624/2021, resuelve, en su Fundamento Jurídico n.º 2, que “hay que ponderar las exigencias del art. 10.3 de la Ley 7/2015, de 30 de junio, de relaciones familiares en supuestos de separación o ruptura de los progenitores, y el art. 146 CCv, que ordenan que para fijar la pensión se tengan en cuenta los recursos del alimentante y las necesidades del alimentista.

Con los ingresos disponibles, y mermado el ingreso recibido por la venta de la vivienda, no es factible mantener el importe de la pensión alimenticia de las dos hijas mayores de edad. Ha de asegurarse, no obstante, un «mínimo vital» imprescindible para el desarrollo de la existencia en condiciones de suficiencia y dignidad, como se deduce de los preceptos citados y de los arts.

110 y 154.1 CCv.
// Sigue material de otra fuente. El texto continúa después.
(* Let $n\in\mathbf{N}$, let $A\subset[n]$ have property P, let $k,a,q$ be positive integers and $0\leqslant\alpha\leqslant1$. Let $B$ be a finite set such that every element of $k\cdot B$ is a positive integer which is an integer multiple of some element of $A\cap[1,\alpha n]$, every element of $k\cdot B$ is congruent to $a$ modulo $q$, and $k\cdot B\subset I$ for some interval of integers $I$. Then $$|B|+\left|\left(A_{(\alpha,1]}+A_{(\alpha,1]}\right)\cap I\cap(a+q\mathbf{N})\right|<\frac{|I|}{q}+1.$$
   Context: A set $A\subset\mathbf{N}$ has property P if there are no $x,y,z\in A$ (not necessarily distinct $x,y$) with $z<x$, $z<y$ and $z\mid x+y$. For reals $0\le\alpha<\beta\le1$, $A_{(\alpha,\beta]}=A\cap(\alpha n,\beta n]$. $[\beta]=[1,\beta]\cap\mathbf{N}$; an interval means a set of consecutive integers. $k\cdot B=\{kb:b\in B\}$, $X+Y=\{x+y:x\in X,y\in Y\}$, $a+q\mathbf{N}=\{a+qm:m\in\mathbf{N}\}$. *)

theory Defs
  imports Complex_Main
begin

definition propP :: "int set \<Rightarrow> bool" where
  "propP A \<longleftrightarrow> \<not> (\<exists>x\<in>A. \<exists>y\<in>A. \<exists>z\<in>A. z < x \<and> z < y \<and> z dvd (x + y))"

definition Aint :: "int set \<Rightarrow> nat \<Rightarrow> real \<Rightarrow> real \<Rightarrow> int set" where
  "Aint A n \<alpha> \<beta> = {x\<in>A. \<alpha> * real n < real_of_int x \<and> real_of_int x \<le> \<beta> * real n}"

definition sumset :: "int set \<Rightarrow> int set \<Rightarrow> int set" where
  "sumset X Y = {x + y | x y. x \<in> X \<and> y \<in> Y}"

end

theory Submission
  imports Defs
begin

text \<open>
  Scaling by k maps B injectively into the residue class of a modulo q inside I, and so does
  the inclusion of the sumset part. The two images are disjoint: an element k b is a multiple
  of some z \<in> A with z \<le> \<alpha> n, and if it were x + y with x, y \<in> A beyond \<alpha> n, then z < x, z < y
  and z divides x + y, contradicting property P. Hence both cardinalities add up to at most
  the size of a residue class in I, which is less than |I|/q + 1.
\<close>

lemma card_residue_class_atLeastAtMost:
  fixes c d q r :: int
  assumes "q > 0"
  shows "q * int (card {m\<in>{c..d}. m mod q = r}) < int (card {c..d}) + q"
proof (cases "c \<le> d")
  case False
  then show ?thesis using assms by simp
next
  case True
  let ?C = "{m\<in>{c..d}. m mod q = r}"
  let ?f = "\<lambda>m. (m - c) div q"
  \<comment> \<open>Within one residue class, the quotient by q determines the element.\<close>
  have "inj_on ?f ?C"
  proof (rule inj_onI)
    fix x y assume "x \<in> ?C" "y \<in> ?C" and "?f x = ?f y"
    moreover from \<open>x \<in> ?C\<close> \<open>y \<in> ?C\<close> have "(x - c) mod q = (y - c) mod q"
      by (simp add: mod_diff_cong)
    ultimately have "x - c = y - c" by (metis div_mult_mod_eq)
    then show "x = y" by simp
  qed
  then have "card ?C = card (?f ` ?C)" by (simp add: card_image)
  also have "\<dots> \<le> card {0..(d - c) div q}"
    using assms by (intro card_mono) (auto intro!: zdiv_mono1 simp: pos_imp_zdiv_nonneg_iff)
  finally have "card ?C \<le> nat ((d - c) div q + 1)" by simp
  moreover have "0 \<le> (d - c) div q" using True assms by (simp add: pos_imp_zdiv_nonneg_iff)
  ultimately have "int (card ?C) \<le> (d - c) div q + 1" by (simp add: le_nat_iff)
  then have "q * int (card ?C) \<le> q * ((d - c) div q + 1)"
    using assms by (intro mult_left_mono) auto
  moreover have "q * ((d - c) div q) \<le> d - c"
    using assms mult_div_mod_eq[of q "d - c"] pos_mod_sign[of q "d - c"] by linarith
  ultimately show ?thesis using True by (simp add: distrib_left)
qed

lemma card_residue_class_atLeastAtMost_real:
  fixes c d q r :: int
  assumes "q > 0"
  shows "real (card {m\<in>{c..d}. m mod q = r}) < real (card {c..d}) / real_of_int q + 1"
proof -
  have "real_of_int (q * int (card {m\<in>{c..d}. m mod q = r})) < real_of_int (int (card {c..d}) + q)"
    using card_residue_class_atLeastAtMost[OF assms] by (simp only: of_int_less_iff)
  then have "real_of_int q * real (card {m\<in>{c..d}. m mod q = r}) < real (card {c..d}) + real_of_int q"
    by (simp only: of_int_mult of_int_add of_int_of_nat_eq)
  then show ?thesis using assms by (simp add: field_simps)
qed

lemma propP_multiple_notin_sumset_Aint:
  assumes "propP A" "z \<in> A" "real_of_int z \<le> \<alpha> * real n" "z dvd m"
  shows "m \<notin> sumset (Aint A n \<alpha> \<beta>) (Aint A n \<alpha> \<beta>)"
proof
  assume "m \<in> sumset (Aint A n \<alpha> \<beta>) (Aint A n \<alpha> \<beta>)"
  then obtain x y where "x \<in> A" "y \<in> A" "z < x" "z < y" "m = x + y"
    using assms(3) unfolding sumset_def Aint_def by force
  then show False using assms(1,2,4) unfolding propP_def by blast
qed

lemma card_add_le_card_of_disjoint_inj_image:
  assumes "inj_on g B" "finite C" "g ` B \<subseteq> C" "S \<subseteq> C" "g ` B \<inter> S = {}"
  shows "card B + card S \<le> card C"
proof -
  have "card B + card S = card (g ` B \<union> S)"
    using assms by (simp add: card_image card_Un_disjoint finite_subset)
  also have "\<dots> \<le> card C"
    using assms by (intro card_mono) auto
  finally show ?thesis .
qed

theorem mainTheorem5:
  fixes n :: nat and A :: "int set" and k a q :: int and \<alpha> :: real
    and B :: "real set" and I :: "int set"
  assumes "A \<subseteq> {1..int n}" and "propP A"
    and "k > 0" "a > 0" "q > 0"
    and "0 \<le> \<alpha>" "\<alpha> \<le> 1"
    and "finite B"
    and "\<forall>b\<in>B. \<exists>m::int. real_of_int k * b = real_of_int m \<and> m > 0
           \<and> (\<exists>d\<in>A. 1 \<le> d \<and> real_of_int d \<le> \<alpha> * real n \<and> d dvd m)
           \<and> m mod q = a mod q \<and> m \<in> I"
    and "\<exists>c d. I = {c..d}"
  shows "real (card B)
    + real (card (sumset (Aint A n \<alpha> 1) (Aint A n \<alpha> 1) \<inter> I \<inter> {a + q * int m | m. True}))
    < real (card I) / real_of_int q + 1"
proof -
  obtain c d where I: "I = {c..d}" using assms(10) by blast
  define S where "S = sumset (Aint A n \<alpha> 1) (Aint A n \<alpha> 1) \<inter> I \<inter> {a + q * int m | m. True}"
  define C where "C = {m\<in>I. m mod q = a mod q}"
  define g where "g b = \<lfloor>real_of_int k * b\<rfloor>" for b
  have gB: "real_of_int k * b = real_of_int (g b)
           \<and> (\<exists>z\<in>A. real_of_int z \<le> \<alpha> * real n \<and> z dvd g b) \<and> g b \<in> C" if "b \<in> B" for b
    using assms(9) that unfolding g_def C_def by force
  have "inj_on g B"
  proof (rule inj_onI)
    fix x y assume "x \<in> B" "y \<in> B" "g x = g y"
    then have "real_of_int k * x = real_of_int k * y" using gB by metis
    then show "x = y" using assms(3) by simp
  qed
  moreover have "S \<subseteq> C"
    unfolding S_def C_def using assms(5) by (auto simp: mod_add_left_eq)
  moreover have "g ` B \<inter> S = {}"
  proof -
    have "g b \<notin> S" if "b \<in> B" for b
      using gB[OF that] propP_multiple_notin_sumset_Aint[OF assms(2)] unfolding S_def by blast
    then show ?thesis by blast
  qed
  moreover have "finite C" unfolding C_def I by (rule finite_subset[of _ "{c..d}"]) auto
  ultimately have "card B + card S \<le> card C"
    using gB by (intro card_add_le_card_of_disjoint_inj_image) blast+
  then show ?thesis
    using card_residue_class_atLeastAtMost_real[OF assms(5), of c d "a mod q"]
    unfolding C_def S_def I by linarith
qed

end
Así lo hemos declarado en SAP Bizkaia, Secc. 4ª, 184/2017, de 10 de marzo, rec. 742/2016, 633/2017, de 13 octubre, rec. 429/20917, 267/2018, de 20 abril, rec. 829/2017, entre otras muchas, igual que la STS 55/2015, de 12 febrero, rec.

2899/2013, por lo que debe ser acogida en parte la pretensión y reducir a 75 euros mensuales la pensión para cada una de las hijas”, estimando el recurso de apelación que dio lugar al procedimiento en cuestión.

El Consejo General del Poder Judicial, por su parte, ha elaborado una serie de tablas que, atendidas las circunstancias del caso, permiten determinar las cuantías recomendadas a la hora de fijar la pensión de alimentos.

La última actualización de las tablas prevé, como pensión mensual cuando exista un hijo dependiente, la cuantía mínima de 163 euros, presuponiendo que el progenitor custodio no tiene ingresos y que el progenitor no custodio dispone de 700 euros mensuales.

Una mayor renta del progenitor custodio reducirá el importe de la pensión, mientras que una mejor situación económica del progenitor no custodio la aumentará.

En los supuestos de custodia compartida, el Consejo General del Poder Judicial señala que corresponderá a ambos progenitores el pago de la pensión de alimentos, en proporción a sus ingresos y teniendo en cuenta el tiempo que cada uno de ellos disfruta del hijo en cuestión, atendiendo siempre a un criterio de proporcionalidad.

¿Cómo se actualiza una pensión de alimentos?

Tal y como se ha señalado antes, el art. 90 del Código Civil exige que el convenio regulador recoja los alimentos debidos, así como sus bases de actualización y garantías en su caso.

La actualización de la pensión de alimentos suele realizarse con arreglo al Índice de Precios al Consumidor.

En el año 2022, el IPC ha resultado positivo, en concreto, del 5’5%, lo que supondrá un incremento de las pensiones de alimentos en dicha cuantía que habrá de hacerse efectivo, con carácter general, desde el 1 de enero de este año.